Arraylist vs Vector in Java

1.  Synchronization and Thread-Safe

Vector is  synchronized while ArrayList is not synchronized  . Synchronization and thread safe means at a time only one thread can access the code .In Vector class all the methods are synchronized .Thats why the Vector object is already synchronized when it is created .

2.  Performance

Vector is slow as it is thread safe . In comparison ArrayList is fast as it is non synchronized . Thus     in ArrayList two or more threads  can access the code at the same time  , while Vector is limited to one thread at a time.

3. Automatic Increase in Capacity

A Vector defaults to doubling size of its array . While when you insert an element into the ArrayList ,      it increases
its Array size by 50%  .


By default ArrayList size is 10 . It checks whether it reaches the       last  element then it will create the new array ,copy the new data of last array to new array ,then old array     is garbage collected by the Java Virtual Machine (JVM) .

4. Set Increment Size

ArrayList does not define the increment size . Vector defines the increment size .

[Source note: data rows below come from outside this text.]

(* Let $n\ge 2$, let $(E,q)$, $E_{\mathbb R}$, the orientation of $E_{\mathbb R}$ and the isotropic map $s\colon\mathbb C^n\to E$ with $s(z)\neq 0$ for $z\neq 0$ be as in the context, and write $s=s_++is_-$ with $s_\pm\colon\mathbb C^n\to E_{\mathbb R}$. Then $$\sqrt e\,(E,s)\;=\;\deg\Big(S^{2n-1}\to S(E_{\mathbb R}),\ z\mapsto \tfrac{s_-(z)}{|s_-(z)|}\Big).$$
   Context: Fix $n\ge2$ and a complex vector space $E$ of dimension $2n$ with a nondegenerate symmetric complex bilinear form $q$. The $n$-dimensional isotropic (maximal isotropic) subspaces of $E$ form two connected components; one is fixed (this is the choice of complex orientation) and its members are called positive, the others negative. Fix a real subspace $E_{\mathbb R}\subset E$ with $E=E_{\mathbb R}\oplus iE_{\mathbb R}$ on which $q$ is real and positive definite, with inner product $\langle\cdot,\cdot\rangle=q|_{E_{\mathbb R}}$. For an orthogonal complex structure $J$ on $E_{\mathbb R}$, $\Lambda_J=\{a-iJa: a\in E_{\mathbb R}\}$ is maximal isotropic; orient $E_{\mathbb R}$ so that $\Lambda_J$ is positive whenever $J$ is compatible with this orientation. Let $s\colon\mathbb C^n\to E$ be continuous with $q(s(z),s(z))=0$ for all $z$ and $s(z)\ne0$ for $z\ne0$. Writing $s=s_++is_-$ with $s_\pm$ valued in $E_{\mathbb R}$, isotropy means $|s_+|=|s_-|$ and $\langle s_+,s_-\rangle=0$, so $s_\pm(z)\neq0$ for $z\ne0$. Orient the unit sphere $S^{2n-1}\subset\mathbb C^n$ as the boundary of the unit ball with the complex orientation, and the unit sphere $S(E_{\mathbb R})$ as the boundary of the unit ball of $E_{\mathbb R}$. The orthogonal Hopf index is $\sqrt e\,(E,s):=\deg\big(S^{2n-1}\to S(E_{\mathbb R}),\ z\mapsto s_+(z)/|s_+(z)|\big)\in\mathbb Z$ (for holomorphic $s$ this equals the cosection-localised square root Euler class of Oh–Thomas at the zero $0$). *)

theory Defs
  imports "HOL-Analysis.Analysis" "HOL-Homology.Homology"
begin

(* C^n is modelled as functions nat => complex vanishing from index n on. *)
definition Cn :: "nat \<Rightarrow> (nat \<Rightarrow> complex) set" where
  "Cn n = {z. \<forall>j\<ge>n. z j = 0}"

(* E = E_R (+) i E_R is modelled as pairs (a,b) standing for a + i b, with a,b in E_R = 'e.
   cq is the complex-bilinear extension of the inner product of E_R. *)
definition cq :: "('e::real_inner \<times> 'e) \<Rightarrow> ('e \<times> 'e) \<Rightarrow> complex" where
  "cq u v = Complex (fst u \<bullet> fst v - snd u \<bullet> snd v) (fst u \<bullet> snd v + snd u \<bullet> fst v)"

(* ordered orthonormal frame b 0, ..., b (m-1) of E_R: fixes the orientation of E_R *)
definition orthonormal_frame :: "nat \<Rightarrow> (nat \<Rightarrow> 'e::real_inner) \<Rightarrow> bool" where
  "orthonormal_frame m b \<longleftrightarrow> (\<forall>i<m. \<forall>j<m. b i \<bullet> b j = (if i = j then 1 else 0))"

(* real coordinates (x_1,y_1,...,x_n,y_n) on C^n: complex orientation *)
definition cplx_unchart :: "nat \<Rightarrow> (nat \<Rightarrow> real) \<Rightarrow> (nat \<Rightarrow> complex)" where
  "cplx_unchart n y = (\<lambda>j. if j < n then Complex (y (2*j)) (y (2*j+1)) else 0)"

definition frame_coords :: "nat \<Rightarrow> (nat \<Rightarrow> 'e::real_inner) \<Rightarrow> 'e \<Rightarrow> nat \<Rightarrow> real" where
  "frame_coords m b x = (\<lambda>i. if i < m then b i \<bullet> x else 0)"

(* degree of S^{2n-1} -> S(E_R), z |-> f z / |f z|, with the orientations given by the charts *)
definition sphere_map_degree ::
  "nat \<Rightarrow> (nat \<Rightarrow> 'e::real_inner) \<Rightarrow> ((nat \<Rightarrow> complex) \<Rightarrow> 'e) \<Rightarrow> int" where
  "sphere_map_degree n b f =
     Brouwer_degree2 (2*n - 1)
       (\<lambda>y. frame_coords (2*n) b (f (cplx_unchart n y) /\<^sub>R norm (f (cplx_unchart n y))))"

(* orthogonal Hopf index sqrt e (E,s) := degree of s_+ / |s_+| *)
definition orth_hopf_index ::
  "nat \<Rightarrow> (nat \<Rightarrow> 'e::real_inner) \<Rightarrow> ((nat \<Rightarrow> complex) \<Rightarrow> 'e \<times> 'e) \<Rightarrow> int" where
  "orth_hopf_index n b s = sphere_map_degree n b (\<lambda>z. fst (s z))"

end

theory Submission
  imports Defs
begin

text \<open>Isotropy of \<open>s = s\<^sub>+ + i s\<^sub>-\<close> says that \<open>s\<^sub>+ \<bottom> s\<^sub>-\<close> and \<open>|s\<^sub>+| = |s\<^sub>-|\<close>, so for
  \<open>z \<noteq> 0\<close> the vectors \<open>s\<^sub>+(z)\<close> and \<open>s\<^sub>-(z)\<close> are never antipodal. Hence the straight-line
  homotopy \<open>(1 - t) s\<^sub>+ + t s\<^sub>-\<close> never vanishes on the sphere, and after normalisation it is a
  homotopy between the two sphere maps, which therefore have the same degree.\<close>

lemma cq_self_eq_0_iff:
  "cq u u = 0 \<longleftrightarrow> fst u \<bullet> snd u = 0 \<and> norm (fst u) = norm (snd u)"
  by (auto simp: cq_def complex_eq_iff inner_commute norm_eq_sqrt_inner)

lemma segment_orthogonal_same_norm_nonzero:
  fixes a c :: "'a::real_inner"
  assumes "a \<bullet> c = 0" "norm a = norm c" "a \<noteq> 0"
  shows "(1 - t) *\<^sub>R a + t *\<^sub>R c \<noteq> 0"
proof -
  have cc: "c \<bullet> c = a \<bullet> a"
    using assms(2) by (simp add: dot_square_norm)
  have "((1 - t) *\<^sub>R a + t *\<^sub>R c) \<bullet> ((1 - t) *\<^sub>R a + t *\<^sub>R c) = ((1 - t)\<^sup>2 + t\<^sup>2) * (a \<bullet> a)"
    using assms(1) cc
    by (simp add: inner_add_left inner_add_right inner_commute power2_eq_square algebra_simps)
  moreover have "(1 - t)\<^sup>2 + t\<^sup>2 > 0"
    by (simp add: sum_power2_gt_zero_iff)
  ultimately show ?thesis
    using assms(3) by auto
qed

lemma isotropic_segment_nonzero:
  assumes "cq u u = 0" "u \<noteq> 0"
  shows "(1 - t) *\<^sub>R fst u + t *\<^sub>R snd u \<noteq> 0"
proof -
  have "fst u \<bullet> snd u = 0" and same_norm: "norm (fst u) = norm (snd u)"
    using assms(1) by (auto simp: cq_self_eq_0_iff)
  moreover have "fst u \<noteq> 0"
    using assms(2) same_norm by (auto simp: prod_eq_iff)
  ultimately show ?thesis
    by (rule segment_orthogonal_same_norm_nonzero)
qed

lemma sum_frame_coords_power2:
  fixes b :: "nat \<Rightarrow> 'e::euclidean_space"
  assumes "DIM('e) = m" "orthonormal_frame m b"
  shows "(\<Sum>i<m. (frame_coords m b x i)\<^sup>2) = (norm x)\<^sup>2"
proof -
  have bb: "\<And>i j. i < m \<Longrightarrow> j < m \<Longrightarrow> b i \<bullet> b j = (if i = j then 1 else 0)"
    using assms(2) unfolding orthonormal_frame_def by blast
  have inj: "inj_on b {..<m}"
  proof (rule inj_onI)
    fix i j assume "i \<in> {..<m}" "j \<in> {..<m}" "b i = b j"
    then show "i = j" using bb[of i j] bb[of i i] by (auto split: if_splits)
  qed
  define B where "B = b ` {..<m}"
  have "finite B" by (simp add: B_def)
  have "card B = m" using inj by (simp add: B_def card_image)
  have orth: "pairwise orthogonal B"
    unfolding pairwise_def orthogonal_def B_def using bb by auto
  have unit: "\<And>v. v \<in> B \<Longrightarrow> norm v = 1"
    unfolding B_def using bb by (auto simp: norm_eq_sqrt_inner)
  then have "independent B"
    using orth pairwise_orthogonal_independent by force
  then have "UNIV \<subseteq> span B"
    using card_eq_dim[of B UNIV] \<open>finite B\<close> \<open>card B = m\<close> assms(1) by (simp add: dim_UNIV)
  then have "x \<in> span B" by blast
  have "(norm x)\<^sup>2 = x \<bullet> (\<Sum>v\<in>B. (x \<bullet> v) *\<^sub>R v)"
    using orthonormal_basis_expand[OF orth unit \<open>x \<in> span B\<close> \<open>finite B\<close>]
    by (simp add: power2_norm_eq_inner)
  also have "\<dots> = (\<Sum>v\<in>B. (x \<bullet> v)\<^sup>2)"
    by (simp add: inner_sum_right power2_eq_square)
  also have "\<dots> = (\<Sum>i<m. (frame_coords m b x i)\<^sup>2)"
    unfolding B_def by (simp add: sum.reindex[OF inj] inner_commute frame_coords_def)
  finally show ?thesis by simp
qed

lemma frame_coords_in_nsphere:
  fixes b :: "nat \<Rightarrow> 'e::euclidean_space"
  assumes "DIM('e) = Suc p" "orthonormal_frame (Suc p) b" "norm x = 1"
  shows "frame_coords (Suc p) b x \<in> topspace (nsphere p)"
  using sum_frame_coords_power2[OF assms(1,2), of x] assms(3)
  by (simp add: nsphere lessThan_Suc_atMost frame_coords_def)

lemma continuous_on_frame_coords:
  assumes "continuous_on A f"
  shows "continuous_on A (\<lambda>x. frame_coords m b (f x))"
  unfolding frame_coords_def
proof (intro continuous_on_coordinatewise_then_product)
  fix i
  show "continuous_on A (\<lambda>x. if i < m then b i \<bullet> f x else 0)"
    using continuous_on_inner[OF continuous_on_const assms] by (cases "i < m") simp_all
qed

lemma cplx_unchart_in_Cn: "cplx_unchart n y \<in> Cn n"
  by (simp add: Cn_def cplx_unchart_def)

lemma cplx_unchart_eq_0_iff: "cplx_unchart n y = (\<lambda>_. 0) \<longleftrightarrow> (\<forall>i<2 * n. y i = 0)"
proof
  assume "cplx_unchart n y = (\<lambda>_. 0)"
  then have "\<And>j. j < n \<Longrightarrow> y (2 * j) = 0 \<and> y (2 * j + 1) = 0"
    by (metis cplx_unchart_def complex.inject zero_complex.code)
  moreover have "\<And>i::nat. i = 2 * (i div 2) \<or> i = 2 * (i div 2) + 1" by linarith
  ultimately show "\<forall>i<2 * n. y i = 0"
    by (metis less_mult_imp_div_less mult.commute)
qed (auto simp: cplx_unchart_def fun_eq_iff complex_eq_iff)

lemma cplx_unchart_nsphere_ne_0:
  assumes "Suc p = 2 * n" "y \<in> topspace (nsphere p)"
  shows "cplx_unchart n y \<noteq> (\<lambda>_. 0)"
proof -
  have "\<exists>i\<le>p. y i \<noteq> 0"
  proof (rule ccontr)
    assume "\<not> (\<exists>i\<le>p. y i \<noteq> 0)"
    then have "(\<Sum>i\<le>p. (y i)\<^sup>2) = 0" by simp
    then show False using assms(2) by (auto simp: nsphere)
  qed
  then show ?thesis
    unfolding cplx_unchart_eq_0_iff using assms(1) le_imp_less_Suc by metis
qed

lemma continuous_on_cplx_unchart: "continuous_on A (cplx_unchart n)"
  unfolding cplx_unchart_def
proof (intro continuous_on_coordinatewise_then_product)
  fix j
  have "continuous_on A (\<lambda>y. complex_of_real (y (2 * j)) + \<i> * complex_of_real (y (2 * j + 1)))"
    by (intro continuous_intros continuous_on_subset[OF continuous_on_product_coordinates]) auto
  then show "continuous_on A (\<lambda>y. if j < n then Complex (y (2 * j)) (y (2 * j + 1)) else 0)"
    by (cases "j < n") (simp_all add: Complex_eq)
qed

lemma sphere_map_degree_homotopic:
  fixes b :: "nat \<Rightarrow> 'e::euclidean_space"
    and h :: "real \<times> (nat \<Rightarrow> complex) \<Rightarrow> 'e"
  assumes "n \<ge> 1" "DIM('e) = 2 * n" "orthonormal_frame (2 * n) b"
    and "continuous_on ({0..1} \<times> Cn n) h"
    and "\<forall>t\<in>{0..1}. \<forall>z\<in>Cn n. z \<noteq> (\<lambda>_. 0) \<longrightarrow> h (t, z) \<noteq> 0"
  shows "sphere_map_degree n b (\<lambda>z. h (0, z)) = sphere_map_degree n b (\<lambda>z. h (1, z))"
proof -
  define p where "p = 2 * n - 1"
  have Suc_p: "Suc p = 2 * n" using assms(1) by (simp add: p_def)
  define S where "S = topspace (nsphere p)"
  have nsphere_S: "nsphere p = top_of_set S"
    by (simp add: S_def nsphere euclidean_product_topology)
  define g where "g q = h (fst q, cplx_unchart n (snd q))" for q
  define H where "H q = frame_coords (2 * n) b (g q /\<^sub>R norm (g q))" for q
  have g_nonzero: "g q \<noteq> 0" if "q \<in> {0..1} \<times> S" for q
    using that assms(5) cplx_unchart_in_Cn cplx_unchart_nsphere_ne_0[OF Suc_p]
    by (auto simp: g_def S_def)
  have "continuous_on ({0..1} \<times> S) (\<lambda>q. cplx_unchart n (snd q))"
    by (rule continuous_on_compose2[OF continuous_on_cplx_unchart[of UNIV] continuous_on_snd[OF continuous_on_id]])
      simp
  then have "continuous_on ({0..1} \<times> S) g"
    unfolding g_def
    by (rule continuous_on_compose2[OF assms(4) continuous_on_Pair[OF continuous_on_fst[OF continuous_on_id]]])
      (auto simp: cplx_unchart_in_Cn)
  then have "continuous_on ({0..1} \<times> S) H"
    unfolding H_def using g_nonzero
    by (intro continuous_on_frame_coords continuous_intros) auto
  moreover have "H q \<in> S" if "q \<in> {0..1} \<times> S" for q
    unfolding H_def S_def
    using frame_coords_in_nsphere[of p b] assms(2,3) g_nonzero[OF that] by (simp add: Suc_p)
  ultimately have "homotopic_with (\<lambda>x. True) (nsphere p) (nsphere p) (\<lambda>y. H (0, y)) (\<lambda>y. H (1, y))"
    unfolding homotopic_with_def nsphere_S by (intro exI[of _ H]) auto
  then show ?thesis
    unfolding sphere_map_degree_def p_def[symmetric] H_def g_def
    by (simp add: Brouwer_degree2_homotopic)
qed

theorem mainTheorem1:
  fixes n :: nat
    and b :: "nat \<Rightarrow> 'e::euclidean_space"
    and s :: "(nat \<Rightarrow> complex) \<Rightarrow> 'e \<times> 'e"
  assumes "n \<ge> 2"
    and "DIM('e) = 2 * n"
    and "orthonormal_frame (2 * n) b"
    and "continuous_on (Cn n) s"
    and "\<forall>z\<in>Cn n. cq (s z) (s z) = 0"
    and "\<forall>z\<in>Cn n. z \<noteq> (\<lambda>_. 0) \<longrightarrow> s z \<noteq> 0"
  shows "orth_hopf_index n b s = sphere_map_degree n b (\<lambda>z. snd (s z))"
proof -
  define h where "h q = (1 - fst q) *\<^sub>R fst (s (snd q)) + fst q *\<^sub>R snd (s (snd q))" for q
  have "continuous_on ({0..1} \<times> Cn n) h"
    unfolding h_def
    by (intro continuous_intros continuous_on_compose2[OF assms(4)]) auto
  moreover have "\<forall>t\<in>{0..1}. \<forall>z\<in>Cn n. z \<noteq> (\<lambda>_. 0) \<longrightarrow> h (t, z) \<noteq> 0"
    using assms(5,6) by (simp add: h_def isotropic_segment_nonzero)
  ultimately have "sphere_map_degree n b (\<lambda>z. h (0, z)) = sphere_map_degree n b (\<lambda>z. h (1, z))"
    using assms(1-3) by (intro sphere_map_degree_homotopic) auto
  then show ?thesis
    by (simp add: orth_hopf_index_def h_def)
qed

end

You can find the following method in Vector Class

public synchronized void setSize(int i) { //some code  }

There is no setSize() method or any other method in ArrayList which can manually set the increment size.

5. Enumerator

Other than Hashtable ,Vector is the only other class which uses both Enumeration and Iterator .While ArrayList can only use Iterator for traversing an ArrayList .

6.  Introduction in Java

java.util.Vector  class was there in java since the very first version of the java development kit (jdk).
java.util.ArrayList  was introduced in java version 1.2 , as part of Java Collections framework . In java version 1.2 , Vector class has been refactored to implement the List Inteface .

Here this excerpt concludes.